Would be legal if loaded with Black Powder or substitute. (Pyrodex, 777 or similar).


----------



## bone (Sep 17, 2010)

ive been wanting to set up a handgun for hunting for a long time, looks like a contender in 45-70 might be the way to go. except for the fact that i dont like punchin myself in the face :lol:


----------



## malainse (Sep 2, 2002)

bone said:


> ive been wanting to set up a handgun for a long time, looks like a contender in 45-70 might be the way to go. except for the fact that i dont like punchin myself in the face :lol:


I use a contender pistol for most of my hunting. With the right barrel can hunt everything but, waterfowl.


----------



## bone (Sep 17, 2010)

more questions...

i dont hunt with my 38-40 revolver, i do open carry it while hunting. mostly because my grandfather carried it for years and im attached to it now that hes gone. any time im carrying it, im on my own property or private land. 

being as im not hunting with it, even though its a bottlekneck cart. i thought i could still carry it. 

the laws the dnre has set are for hunting with handguns. not handguns being carried for personal protection, is it still legal to open carry it without hunting with it? 

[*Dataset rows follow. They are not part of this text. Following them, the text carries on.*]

(* In the model described in the context, if $(\tilde y_0^+,\tilde y_0^-)=(0,1)$ (deterministically), then $$\Pr(W_2)-\Pr(W_1) = \tfrac12 G\Big(1 - a^{m-1}\big(1-\rho' + m\rho' + \rho'\tfrac{1-q'}{q'}\big)\Big),$$ and this quantity is positive for all sufficiently large $m$.
   Context: Model. Fix an integer $m\ge 2$, and reals $1>\rho>q>0$, $0\le\nu<\tfrac12$. A sample consists of ground-truth labels $y_0,y_1,\dots,y_m\in\{0,1\}$ and noisy labels $\tilde y_0,\dots,\tilde y_m\in\{0,1\}$. Given $y_0$, the labels $y_1,\dots,y_m$ are conditionally independent with $\Pr(y_i=1\mid y_0=1)=\rho$ and $\Pr(y_i=1\mid y_0=0)=q$ for $i\in\{1,\dots,m\}$. For $i\in\{1,\dots,m\}$, $\tilde y_i = 1-y_i$ with probability $\nu$ and $\tilde y_i=y_i$ otherwise, the flips being independent of each other and of everything else. A positive sample has $y_0=1$ and a negative sample has $y_0=0$; we draw one positive sample (superscript $+$) and one negative sample (superscript $-$) independently. The pair $(\tilde y_0^+,\tilde y_0^-)\in\{0,1\}^2$ has an arbitrary distribution, independent of all $y_i^\pm,\tilde y_i^\pm$ with $i\ge1$. Fix $\delta>0$. For each sample set $\bar s_{0,i} := \max(\tilde y_0,\tilde y_i)+\delta\min(\tilde y_0,\tilde y_i)$ for $i=1,\dots,m$, and let $\bar r_1\ge \bar r_2$ be the largest and second largest elements of $\{\bar s_{0,1},\dots,\bar s_{0,m}\}$ (as a multiset). Notation: $\rho' := (1-\nu)\rho+\nu(1-\rho)$, $q':=(1-\nu)q+\nu(1-q)$, $a:=1-\rho'$, $\gamma := \frac{1-q'}{1-\rho'}$, $A := m(1-a)a^{m-1}$, $G := m(1-\gamma a)(\gamma a)^{m-1}$. For $k\in\{1,2\}$, $\Pr(W_k) := \Pr(\bar r_k^+>\bar r_k^-) + \tfrac12\Pr(\bar r_k^+=\bar r_k^-)$. *)

theory Defs
  imports "HOL-Probability.Probability"
begin

text \<open>One coordinate i >= 1 of a sample:
  ground truth y_i ~ Bernoulli(p) (p = rho for a positive sample, p = q for a negative one),
  flip indicator ~ Bernoulli(nu), independent; the result is the pair (y_i, noisy y_i).\<close>
definition label_pmf :: "real \<Rightarrow> real \<Rightarrow> (nat \<times> nat) pmf" where
  "label_pmf p \<nu> = do {
     y \<leftarrow> bernoulli_pmf p;
     f \<leftarrow> bernoulli_pmf \<nu>;
     return_pmf (of_bool y, if f then 1 - of_bool y else of_bool y) }"

definition labels_pmf :: "nat \<Rightarrow> real \<Rightarrow> real \<Rightarrow> (nat \<times> nat) list pmf" where
  "labels_pmf m p \<nu> = replicate_pmf m (label_pmf p \<nu>)"

definition sbar :: "real \<Rightarrow> nat \<Rightarrow> nat \<Rightarrow> real" where
  "sbar \<delta> t0 ti = real (max t0 ti) + \<delta> * real (min t0 ti)"

definition kth_largest :: "nat \<Rightarrow> real list \<Rightarrow> real" where
  "kth_largest k xs = rev (sort xs) ! (k - 1)"

text \<open>r_k for one sample: t0 = noisy y_0, ls = [(y_i, noisy y_i) | i = 1..m].\<close>
definition rbar :: "real \<Rightarrow> nat \<Rightarrow> nat \<Rightarrow> (nat \<times> nat) list \<Rightarrow> real" where
  "rbar \<delta> k t0 ls = kth_largest k (map (\<lambda>l. sbar \<delta> t0 (snd l)) ls)"

text \<open>Joint distribution of (r_k^+, r_k^-): D is the distribution of (noisy y_0^+, noisy y_0^-),
  independent of the positive sample (y_0 = 1, rate rho) and negative sample (y_0 = 0, rate q).\<close>
definition rpair_pmf :: "(nat \<times> nat) pmf \<Rightarrow> nat \<Rightarrow> real \<Rightarrow> real \<Rightarrow> real \<Rightarrow> real \<Rightarrow> nat
    \<Rightarrow> (real \<times> real) pmf" where
  "rpair_pmf D m \<rho> q \<nu> \<delta> k = do {
     t \<leftarrow> D;
     lp \<leftarrow> labels_pmf m \<rho> \<nu>;
     ln \<leftarrow> labels_pmf m q \<nu>;
     return_pmf (rbar \<delta> k (fst t) lp, rbar \<delta> k (snd t) ln) }"

definition PrW :: "(nat \<times> nat) pmf \<Rightarrow> nat \<Rightarrow> real \<Rightarrow> real \<Rightarrow> real \<Rightarrow> real \<Rightarrow> nat \<Rightarrow> real" where
  "PrW D m \<rho> q \<nu> \<delta> k =
     measure_pmf.prob (rpair_pmf D m \<rho> q \<nu> \<delta> k) {x. fst x > snd x}
     + 1/2 * measure_pmf.prob (rpair_pmf D m \<rho> q \<nu> \<delta> k) {x. fst x = snd x}"

definition noisy_rate :: "real \<Rightarrow> real \<Rightarrow> real" where
  "noisy_rate \<nu> p = (1 - \<nu>) * p + \<nu> * (1 - p)"

definition G_val :: "nat \<Rightarrow> real \<Rightarrow> real \<Rightarrow> real \<Rightarrow> real" where
  "G_val m \<rho> q \<nu> =
     (let a = 1 - noisy_rate \<nu> \<rho>; \<gamma> = (1 - noisy_rate \<nu> q) / (1 - noisy_rate \<nu> \<rho>)
      in real m * (1 - \<gamma> * a) * (\<gamma> * a) ^ (m - 1))"

end

theory Submission
  imports Defs
begin

text \<open>With noisy y_0^+ = 0 and noisy y_0^- = 1, every score of the positive sample lies in
  {0, 1} and every score of the negative sample in {1, 1 + \<delta>}. Hence r_k^+ > r_k^- never
  happens, and r_k^+ = r_k^- = 1 exactly when the positive sample has at least k noisy ones
  and the negative sample fewer than k. The numbers of noisy ones are independent
  binomial variables with rates \<rho>' and q', so
  Pr(W_k) = 1/2 Pr(Bin(m, \<rho>') \<ge> k) Pr(Bin(m, q') < k), and for k = 1, 2 this is an
  explicit polynomial. Positivity for large m follows from m a^(m-1) \<rightarrow> 0.\<close>

lemma sort_two_valued:
  fixes u v :: "'a::linorder"
  assumes "set xs \<subseteq> {u, v}" "u < v"
  shows "sort xs = replicate (length (filter (\<lambda>x. x = u) xs)) u
                 @ replicate (length (filter (\<lambda>x. x = v) xs)) v"
proof (rule properties_for_sort)
  show "mset (replicate (length (filter (\<lambda>x. x = u) xs)) u
              @ replicate (length (filter (\<lambda>x. x = v) xs)) v) = mset xs"
    using assms by (induction xs) (auto simp: add_mset_commute)
  show "sorted (replicate (length (filter (\<lambda>x. x = u) xs)) u
                @ replicate (length (filter (\<lambda>x. x = v) xs)) v)"
    using assms(2) by (auto simp: sorted_append)
qed

lemma kth_largest_two_valued:
  fixes u v :: real
  assumes "set xs \<subseteq> {u, v}" "u < v" "1 \<le> k" "k \<le> length xs"
  shows "kth_largest k xs = (if k \<le> length (filter (\<lambda>x. x = v) xs) then v else u)"
proof -
  have "length (filter (\<lambda>x. x = u) xs) + length (filter (\<lambda>x. x = v) xs) = length xs"
    using assms(1,2) by (induction xs) auto
  then show ?thesis
    unfolding kth_largest_def sort_two_valued[OF assms(1,2)] using assms(3,4)
    by (auto simp: nth_append)
qed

if not im gonna have to get my great uncle to load some cartridges with black powder for me to make it legal to carry anytime


----------



## foxriver6 (Oct 23, 2007)

bone said:


> more questions...
> 
> i dont hunt with my 38-40 revolver, i do open carry it while hunting. mostly because my grandfather carried it for years and im attached to it now that hes gone. any time im carrying it, im on my own property or private land.
> 
> ...


Open carry is legal in Michigan. You would not fall under hunting rules if there is no attempt to take game. So, no hunting license required and no bottle neck restriction if you are open carrying a pistol and there is no attempt to take game.


----------



## twohats (Oct 1, 2004)

petronius said:


> Hi. This is my first time posting and I thought I would add a few thoughts. In the shotgun zone, you could carry the 38-40 (bottle-neck shell) concealed with a CPL but you may run into a problem with the hunting rules if open carry. It would be assumed that you are using it to hunt deer, even if it is for protection. Besides, you're already carrying a shotgun. The 44-40 and 45-70 handguns would be ok (stright wall shells). The commercial 38-40, 44-40 and 45-70 loads are loaded with smokeless powder and would not be muzzle loaders since they are brass cartridges(not legal during muzzle season). If you're in the woods with a hunting license, the DNR says you're hunting.


 
45-70 cartriges can be purchased loaded with black powder. Do an internet search and you will find them.


----------



## bone (Sep 17, 2010)

the 44-40 does have a very slight bottle neck.

might have to do some reading in our old loading books and load some up w black powder and see what they do...


----------



## Quack Addict (Aug 10, 2006)

bone said:


> might have to do some reading in our old loading books and load some up w black powder and see what they do...


I researched this topic a while back and there isn't a whole lot to know, other than COMPLETELY fill the cartridge with BP or substitute so there is NO air when the bullet is seated. Dialing in the BP/substitute charge can be tedious as you need to meter out powder by volume, not weight, AND get the charge just right so it's compressed when the bullet is seated. I had been kicking around loading up some BP / Pyrodex loads for 44 Mag but it turned out to be an attraction that quickly passed.


----------



## boehr (Jan 31, 2000)

bone said:


> more questions...
> 
> i dont hunt with my 38-40 revolver, i do open carry it while hunting. mostly because my grandfather carried it for years and im attached to it now that hes gone. any time im carrying it, im on my own property or private land.
> 
> ...


Before this can be properly answered, what kind of hunting, what time of year, do you have a CPL?


----------



## bone (Sep 17, 2010)

i do not have a cpl yet

i open carry it year round when im in the woods, either around home or camping with the family but never in public. which as i understand is totally legal.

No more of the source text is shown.